Has the model actually “learned” after LoRA?

Yes, but the claim needs to be precise.

If the question is:

Has the model’s behaviour changed after LoRA fine-tuning?

Yes. Otherwise the adapter would have no point.

If the question is:

Is that the same kind of learning as full fine-tuning?

No.

LoRA learning is closer to:

adding trainable increments on top of the base
altering behaviour through those increments
without rewriting the full original parameter body

Can you stack another LoRA on top of a customised Llama?

Conceptually, yes.

The engineering caveat is more important than the conceptual one.
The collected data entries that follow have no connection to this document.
text \<open>Write A = [k_1 + ... + k_m] and B = J_(m+1). Restricting a partition
tau in Pi_(k_1,...,k_(m+1)) to A gives some sigma in Pi_(k_1,...,k_m), and tau is recovered from
sigma by choosing the set S of points of B that form singleton blocks and an injection of B - S into
the blocks of sigma. Hence for every weight h on block numbers
  sum_tau h |tau| = sum_sigma sum_t (k_(m+1) choose t) * ff(|sigma|, k_(m+1) - t) * h (|sigma| + t),
with ff the falling factorial. Iterating, sum_tau h |tau| = sum_j A_j * h (k_1 + j_2 + ... + j_m): when
|sigma| = k_1 + j_2 + ... + j_m and t = j_(m+1), the binomial and the falling factorial are the new
factors of A. The theorem is the case h = 1.\<close>

definition falling_fact :: "nat \<Rightarrow> nat \<Rightarrow> nat" where
  "falling_fact n s = (\<Prod>i = 0..<s. n - i)"

lemma fact_eq_fact_diff_mult_falling_fact:
  assumes "s \<le> n"
  shows "(fact n :: 'a::{comm_semiring_1, semiring_char_0}) = fact (n - s) * of_nat (falling_fact n s)"
  using assms
proof (induction s)
  case 0
  then show ?case by (simp add: falling_fact_def)
next
  case (Suc s)
  have "n - s = Suc (n - Suc s)" using Suc.prems by simp
  then have "(fact (n - s) :: 'a) = fact (n - Suc s) * of_nat (n - s)"
    by (simp add: mult.commute)
  moreover have "falling_fact n (Suc s) = falling_fact n s * (n - s)"
    by (simp add: falling_fact_def)
  ultimately show ?case using Suc by (simp add: mult_ac)
qed

lemma falling_fact_0_left: "falling_fact 0 s = (if s = 0 then 1 else 0)"
  by (cases s) (simp_all add: falling_fact_def)

lemma card_inj_PiE:
  assumes "finite A" "finite C"
  shows "card {g \<in> A \<rightarrow>\<^sub>E C. inj_on g A} = falling_fact (card C) (card A)"
  using card_inj_on_subset_funcset[OF assms order_refl] by (simp add: falling_fact_def)

lemma sum_Pow_card:
  fixes F :: "nat \<Rightarrow> 'a::comm_semiring_1"
  assumes "finite B"
  shows "(\<Sum>S\<in>Pow B. F (card S)) = (\<Sum>s=0..card B. of_nat (card B choose s) * F s)"
proof -
  have Pow_eq: "Pow B = (\<Union>s\<in>{0..card B}. {S. S \<subseteq> B \<and> card S = s})"
    using card_mono[OF assms] by auto
  have "(\<Sum>S\<in>Pow B. F (card S)) = (\<Sum>s=0..card B. \<Sum>S | S \<subseteq> B \<and> card S = s. F (card S))"
    unfolding Pow_eq by (rule sum.UNION_disjoint) (use assms in \<open>auto intro: finite_subset\<close>)
  also have "\<dots> = (\<Sum>s=0..card B. of_nat (card B choose s) * F s)"
    by (rule sum.cong) (simp_all add: n_subsets[OF assms])
  finally show ?thesis .
qed

lemma sum_PiE_insert:
  assumes "i \<notin> I"
  shows "(\<Sum>f\<in>Pi\<^sub>E (insert i I) S. F f) = (\<Sum>f\<in>Pi\<^sub>E I S. \<Sum>t\<in>S i. F (f(i := t)))"
proof -
  have "(\<Sum>f\<in>Pi\<^sub>E (insert i I) S. F f) = (\<Sum>(t, f)\<in>S i \<times> Pi\<^sub>E I S. F (f(i := t)))"
    unfolding PiE_insert_eq by (rule sum.reindex_cong[OF inj_combinator[OF assms] refl]) auto
  also have "\<dots> = (\<Sum>t\<in>S i. \<Sum>f\<in>Pi\<^sub>E I S. F (f(i := t)))"
    by (rule sum.cartesian_product[symmetric])
  finally show ?thesis by (rule trans[OF _ sum.swap])
qed

definition block_of :: "'a set set \<Rightarrow> 'a \<Rightarrow> 'a set" where
  "block_of P x = (THE X. X \<in> P \<and> x \<in> X)"

lemma partition_on_block_eq:
  assumes "partition_on A P" "X \<in> P" "Y \<in> P" "x \<in> X" "x \<in> Y"
  shows "X = Y"
  using assms unfolding partition_on_def disjoint_def by blast

lemma block_of:
  assumes "partition_on A P" "x \<in> A"
  shows block_of_mem: "block_of P x \<in> P" and mem_block_of: "x \<in> block_of P x"
proof -
  have "\<exists>!X. X \<in> P \<and> x \<in> X"
    using assms partition_on_block_eq[OF assms(1)] unfolding partition_on_def by blast
  then have "block_of P x \<in> P \<and> x \<in> block_of P x"
    unfolding block_of_def by (rule theI')
  then show "block_of P x \<in> P" "x \<in> block_of P x" by auto
qed

lemma block_of_eq:
  assumes "partition_on A P" "X \<in> P" "x \<in> X"
  shows "block_of P x = X"
proof -
  have "x \<in> A" using assms unfolding partition_on_def by blast
  then show ?thesis using block_of[OF assms(1)] partition_on_block_eq[OF assms(1)] assms by blast
qed

definition extensions :: "'a set \<Rightarrow> 'a set \<Rightarrow> 'a set set \<Rightarrow> 'a set set set" where
  "extensions A B \<sigma> =
     {\<tau>. partition_on (A \<union> B) \<tau> \<and> (\<forall>Z\<in>\<tau>. card (Z \<inter> B) \<le> 1) \<and> (\<inter>) A ` \<tau> - {{}} = \<sigma>}"

definition extension_data :: "'a set \<Rightarrow> 'a set set \<Rightarrow> ('a set \<times> ('a \<Rightarrow> 'a set)) set" where
  "extension_data B \<sigma> = (SIGMA S:Pow B. {g \<in> (B - S) \<rightarrow>\<^sub>E \<sigma>. inj_on g (B - S)})"

definition extend :: "'a set \<Rightarrow> 'a set set \<Rightarrow> 'a set \<Rightarrow> ('a \<Rightarrow> 'a set) \<Rightarrow> 'a set set" where
  "extend B \<sigma> S g = (\<lambda>X. X \<union> {y \<in> B - S. g y = X}) ` \<sigma> \<union> (\<lambda>y. {y}) ` S"

definition unextend :: "'a set \<Rightarrow> 'a set \<Rightarrow> 'a set set \<Rightarrow> 'a set \<times> ('a \<Rightarrow> 'a set)" where
  "unextend A B \<tau> =
     ({y \<in> B. {y} \<in> \<tau>}, restrict (\<lambda>y. A \<inter> block_of \<tau> y) (B - {y \<in> B. {y} \<in> \<tau>}))"

context
  fixes A B :: "'a set" and \<sigma> :: "'a set set"
  assumes finite_A: "finite A" and finite_B: "finite B" and disjoint_AB: "A \<inter> B = {}"
    and partition_\<sigma>: "partition_on A \<sigma>"
begin

lemma block_subset: "X \<in> \<sigma> \<Longrightarrow> X \<subseteq> A"
  using partition_\<sigma> unfolding partition_on_def by blast

lemma block_nonempty: "X \<in> \<sigma> \<Longrightarrow> X \<noteq> {}"
  using partition_\<sigma> unfolding partition_on_def by blast

lemma trace_attached_block: "X \<in> \<sigma> \<Longrightarrow> A \<inter> (X \<union> {y \<in> B - S. g y = X}) = X"
  using block_subset disjoint_AB by blast

lemma attached_block_ne_singleton:
  assumes "X \<in> \<sigma>" "z \<in> B"
  shows "X \<union> {y \<in> B - S. g y = X} \<noteq> {z}"
proof
  assume eq: "X \<union> {y \<in> B - S. g y = X} = {z}"
  obtain x where x: "x \<in> X" using block_nonempty[OF assms(1)] by blast
  then have "x = z" using eq by (metis UnI1 singletonD)
  then show False using x block_subset[OF assms(1)] assms(2) disjoint_AB by blast
qed

lemma partition_on_extend:
  assumes "S \<subseteq> B" "g \<in> (B - S) \<rightarrow>\<^sub>E \<sigma>"
  shows "partition_on (A \<union> B) (extend B \<sigma> S g)"
proof (rule partition_onI)
  show "\<Union>(extend B \<sigma> S g) = A \<union> B"
  proof (intro equalityI subsetI)
    fix x assume "x \<in> \<Union>(extend B \<sigma> S g)"
    then show "x \<in> A \<union> B"
      using block_subset assms(1) unfolding extend_def by blast
  next
    fix x assume x: "x \<in> A \<union> B"
    consider "x \<in> A" | "x \<in> S" | "x \<in> B - S" using x by blast
    then show "x \<in> \<Union>(extend B \<sigma> S g)"
    proof cases
      case 1
      then obtain X where "X \<in> \<sigma>" "x \<in> X" using partition_onD1[OF partition_\<sigma>] by blast
      then show ?thesis unfolding extend_def by blast
    next
      case 2
      then show ?thesis unfolding extend_def by blast
    next
      case 3
      then have "g x \<in> \<sigma>" using assms(2) by blast
      with 3 show ?thesis unfolding extend_def by blast
    qed
  qed
  let ?attach = "\<lambda>X. X \<union> {y \<in> B - S. g y = X}"
  have attach_disjnt: "disjnt (?attach X) (?attach Y)" if "X \<in> \<sigma>" "Y \<in> \<sigma>" "X \<noteq> Y" for X Y
  proof -
    have "X \<inter> Y = {}"
      using partition_onD2[OF partition_\<sigma>] that unfolding disjoint_def by blast
    then show ?thesis
      using block_subset[OF that(1)] block_subset[OF that(2)] disjoint_AB that(3)
      unfolding disjnt_def by blast
  qed
  have attach_disjnt_singleton: "disjnt (?attach X) {y}" if "X \<in> \<sigma>" "y \<in> S" for X y
    using block_subset[OF that(1)] disjoint_AB assms(1) that(2) unfolding disjnt_def by blast
  have extend_cases: "(\<exists>X\<in>\<sigma>. P = ?attach X) \<or> (\<exists>y\<in>S. P = {y})" if "P \<in> extend B \<sigma> S g" for P
    using that unfolding extend_def by blast
  show "disjnt P Q" if "P \<in> extend B \<sigma> S g" "Q \<in> extend B \<sigma> S g" "P \<noteq> Q" for P Q
    using extend_cases[OF that(1)] extend_cases[OF that(2)]
  proof (elim disjE bexE)
    fix X Y assume "X \<in> \<sigma>" "P = ?attach X" "Y \<in> \<sigma>" "Q = ?attach Y"
    with that(3) have "X \<noteq> Y" by blast
    then show ?thesis
      using attach_disjnt \<open>X \<in> \<sigma>\<close> \<open>Y \<in> \<sigma>\<close> \<open>P = ?attach X\<close> \<open>Q = ?attach Y\<close>
      by simp
  next
    fix X z assume "X \<in> \<sigma>" "P = ?attach X" "z \<in> S" "Q = {z}"
    then show ?thesis using attach_disjnt_singleton by simp
  next
    fix y Y assume "y \<in> S" "P = {y}" "Y \<in> \<sigma>" "Q = ?attach Y"
    then show ?thesis using attach_disjnt_singleton[THEN disjnt_sym] by simp
  next
    fix y z assume "y \<in> S" "P = {y}" "z \<in> S" "Q = {z}"
    then show ?thesis using that(3) by simp
  qed
  show "{} \<notin> extend B \<sigma> S g"
    using block_nonempty unfolding extend_def by blast
qed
1. Being possible is not the same as being a good idea

Every added adapter increases:

validation complexity
debugging complexity
ambiguity about which layer is causing weird behaviour

2. A stable mainline is worth more than another experimental layer

That judgement already came out of your own experiments. It is very easy to keep adding layers of method. It is much harder to preserve a model that still feels intelligent and usable.

Why LoRA is so tempting

LoRA sits in a very seductive place.

It is:

deeper than prompting
lighter than full fine-tuning
often still viable on local hardware

So it looks like a beautiful middle road.

The catch is that a middle road is not automatically a safe road.

LoRA is useful, but it does not automatically preserve the base model’s balance. Narrow data, tiny data, late evaluation and wide attachment scopes can still push the model into strange accents.

When not to reach for LoRA first

If your goal is mainly:

preserve the base model
make replies more direct
reduce fluff
stabilise formatting
avoid touching the deeper parameter layers

then the first thing to adjust is often not LoRA at all. It is more likely to be:

system prompt
few-shot examples
Modelfile
runtime parameters

The one sentence worth keeping

SFT answers how you teach, LoRA answers how you update, and full fine-tuning answers how deep you are willing to cut.

Once those three are no longer being used as one blob, the rest of the map becomes much easier to read.